Notepad displays garbage; Wordpad works fine.

Ryan Westafer

unread,

Jul 31, 2003, 3:30:00 PM7/31/03

to

Every now and again a data collection application
generates a file that Notepad simply cannot display.
However Wordpad, command-line edit.exe, vi on UNIX, etc.
will open the file just fine.

Is this a bug in notepad?
(The result was verified on multiple XP Professional
machines)

You may find a sample file at the following address:

http://www.ihmc.us/NotepadFails.txt.zip
(it is simply a zipped text file)

-Ryan

Ken Wickes [MSFT]

unread,

Jul 31, 2003, 4:39:59 PM7/31/03

to

Look like notepad interprets the file as Unicode. In fact if you put a bp
on advapi32!IsTextUnicode it will return true. This can happen as notepad
does have to guess whether it is Ansi or Unicode.

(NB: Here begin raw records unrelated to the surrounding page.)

text \<open>\<open>lam\<close> maps the finite set of strictly comparable pairs injectively into itself, hence onto.\<close>
lemma comparable_if_image_lt:
  assumes x: "x \<in> X" and y: "y \<in> X" and lt: "lt (lam x) (lam y)"
  shows "lt x y \<or> lt y x"
proof -
  define S where "S = {(a, b). a \<in> X \<and> b \<in> X \<and> a \<noteq> b \<and> (le a b \<or> le b a)}"
  define f where "f = map_prod lam lam"
  have "finite S"
    by (rule finite_subset[of _ "X \<times> X"]) (auto simp: S_def finite_X)
  moreover have "f ` S \<subseteq> S"
    using image_comparable lam_in lam_inj by (fastforce simp: S_def f_def)
  moreover have "inj_on f S"
    by (rule inj_onI) (auto simp: f_def S_def dest: lam_inj)
  ultimately have "f ` S = S" by (rule endo_inj_surj)
  moreover have "(lam x, lam y) \<in> S" using lt lam_in x y by (auto simp: S_def)
  ultimately obtain a b where "(a, b) \<in> S" "(lam x, lam y) = f (a, b)"
    by (metis imageE surj_pair)
  then have "(a, b) \<in> S" "lam x = lam a" "lam y = lam b" by (simp_all add: f_def)
  then show ?thesis using x y lam_inj by (auto simp: S_def)
qed

lemma orientation_common_bottom:
  assumes x: "x \<in> X" and y: "y \<in> X" and z: "z \<in> X" and xy: "lt x y" and xz: "lt x z"
  shows "lt (lam x) (lam y) \<longleftrightarrow> lt (lam x) (lam z)"
proof -
  have False if y: "y \<in> X" and z: "z \<in> X" and xy: "lt x y" and xz: "lt x z"
    and up: "lt (lam x) (lam y)" and down: "\<not> lt (lam x) (lam z)" for y z
  proof -
    have "lt (lam z) (lam x)" using image_reversed_iff[OF x z xz] down by blast
    then have zy: "lt (lam z) (lam y)" using lt_trans lam_in x y z up by blast
    from comparable_if_image_lt[OF z y zy] show False
    proof
      assume "lt z y"
      then show False using chain_orientation[OF x z y xz] zy down by blast
    next
      assume "lt y z"
      then show False using chain_orientation[OF x y z xy] zy up poset_antisym lam_in y z by blast
    qed
  qed
  then show ?thesis using y z xy xz by blast
qed

lemma orientation_common_top:
  assumes x: "x \<in> X" and y: "y \<in> X" and z: "z \<in> X" and yx: "lt y x" and zx: "lt z x"
  shows "lt (lam y) (lam x) \<longleftrightarrow> lt (lam z) (lam x)"
proof -
  have False if y: "y \<in> X" and z: "z \<in> X" and yx: "lt y x" and zx: "lt z x"
    and up: "lt (lam y) (lam x)" and down: "\<not> lt (lam z) (lam x)" for y z
  proof -
    have "lt (lam x) (lam z)" using image_reversed_iff[OF z x zx] down by blast
    then have yz: "lt (lam y) (lam z)" using lt_trans lam_in x y z up by blast
    from comparable_if_image_lt[OF y z yz] show False
    proof
      assume "lt y z"
      then show False using chain_orientation[OF y z x _ zx] yz down by blast
    next
      assume "lt z y"
      then show False using chain_orientation[OF z y x _ yx] yz up poset_antisym lam_in y z by blast
    qed
  qed
  then show ?thesis using y z yx zx by blast
qed

lemma orientation_incident_edges:
  assumes "a \<in> X" "b \<in> X" "c \<in> X" "d \<in> X" "lt a b" "lt c d"
    and "a = c \<or> a = d \<or> b = c \<or> b = d"
  shows "lt (lam a) (lam b) \<longleftrightarrow> lt (lam c) (lam d)"
  using assms orientation_common_bottom orientation_common_top chain_orientation by blast
(* Let $\mathcal M$ be a category with chosen finite products which form a strict monoidal structure on $\mathcal M$. A simplicial object $X\colon\Delta^{op}\to\mathcal M$ is the reduced bar construction based on some monoid in $\mathcal M$ if and only if for every $n\ge0$ the arrow $p_n\colon X_n\to(X_1)^n$ is the identity (in particular $X_n=(X_1)^n$).
   Context: $\mathcal M$ has chosen finite products forming a strict monoidal structure: the chosen binary product is strictly associative on objects and arrows, and the chosen terminal object $A^0$ is a strict unit. $A^n$ denotes the $n$-fold chosen product. For arrows $g_j\colon C\to A_j$, $\langle g_1,\dots,g_n\rangle\colon C\to A_1\times\dots\times A_n$ is the induced arrow. A monoid is $(M,\mu\colon M\times M\to M,\eta\colon M^0\to M)$ with $\mu\circ(\mu\times 1_M)=\mu\circ(1_M\times\mu)$ and $\mu\circ(1_M\times\eta)=1_M=\mu\circ(\eta\times 1_M)$. $\Delta^{op}$ is the opposite of the category whose objects are $[n]=\{0,\dots,n\}$, $n\ge0$, and whose arrows are order-preserving maps. A simplicial object is a functor $X\colon\Delta^{op}\to\mathcal M$, $X_n:=X([n])$. For $n\ge2$ and $1\le j\le n$, $i_j\colon[n]\to[1]$ is the arrow of $\Delta^{op}$ opposite to the map $[1]\to[n]$, $0\mapsto j-1$, $1\mapsto j$. Define $p_0\colon X_0\to(X_1)^0$ as the unique arrow, $p_1=1_{X_1}$, and for $n\ge2$, $p_n=\langle X(i_1),\dots,X(i_n)\rangle\colon X_n\to(X_1)^n$. Reduced bar construction based on a monoid $M$: the simplicial object $B$ with $B_n=M^n$, defined on an arrow $\varphi=f^{op}\colon[m]\to[n]$ of $\Delta^{op}$ (with $f\colon[n]\to[m]$ order-preserving) as follows. Put $c(a)=\#\{i\in[n]: f(i)<a\}$ for $1\le a\le m$, and let $h(a)=c(a)$ if $1\le c(a)\le n$ and $h(a)$ undefined otherwise. Then $B(\varphi)\colon M^m\to M^n$ is the arrow whose $b$-th component ($1\le b\le n$) is the product, computed with $\mu$ in increasing order of $a$, of the projections $M^m\to M$ onto the coordinates $a$ with $h(a)=b$, and is $\eta\circ(\text{unique arrow }M^m\to M^0)$ if there is no such $a$. *)

theory Defs
  imports Main
begin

You could write the file as Unicode or UTF-8 and add a BOM. I'm not sure if
there is a BOM for ASCII, although a UTF-8 BOM would probably work.

--

Ken Wickes [MSFT]
This posting is provided "AS IS" with no warranties, and confers no rights.

"Ryan Westafer" <rwes...@hotmail.com> wrote in message
news:01ff01c3579a$21d98730$a501...@phx.gbl...

Alan J. McFarlane

unread,

Aug 1, 2003, 3:56:33 PM8/1/03

to

Ken Wickes [MSFT] <ken...@online.microsoft.com> wrote:
> "Ryan Westafer" <rwes...@hotmail.com> wrote in message
> news:01ff01c3579a$21d98730$a501...@phx.gbl...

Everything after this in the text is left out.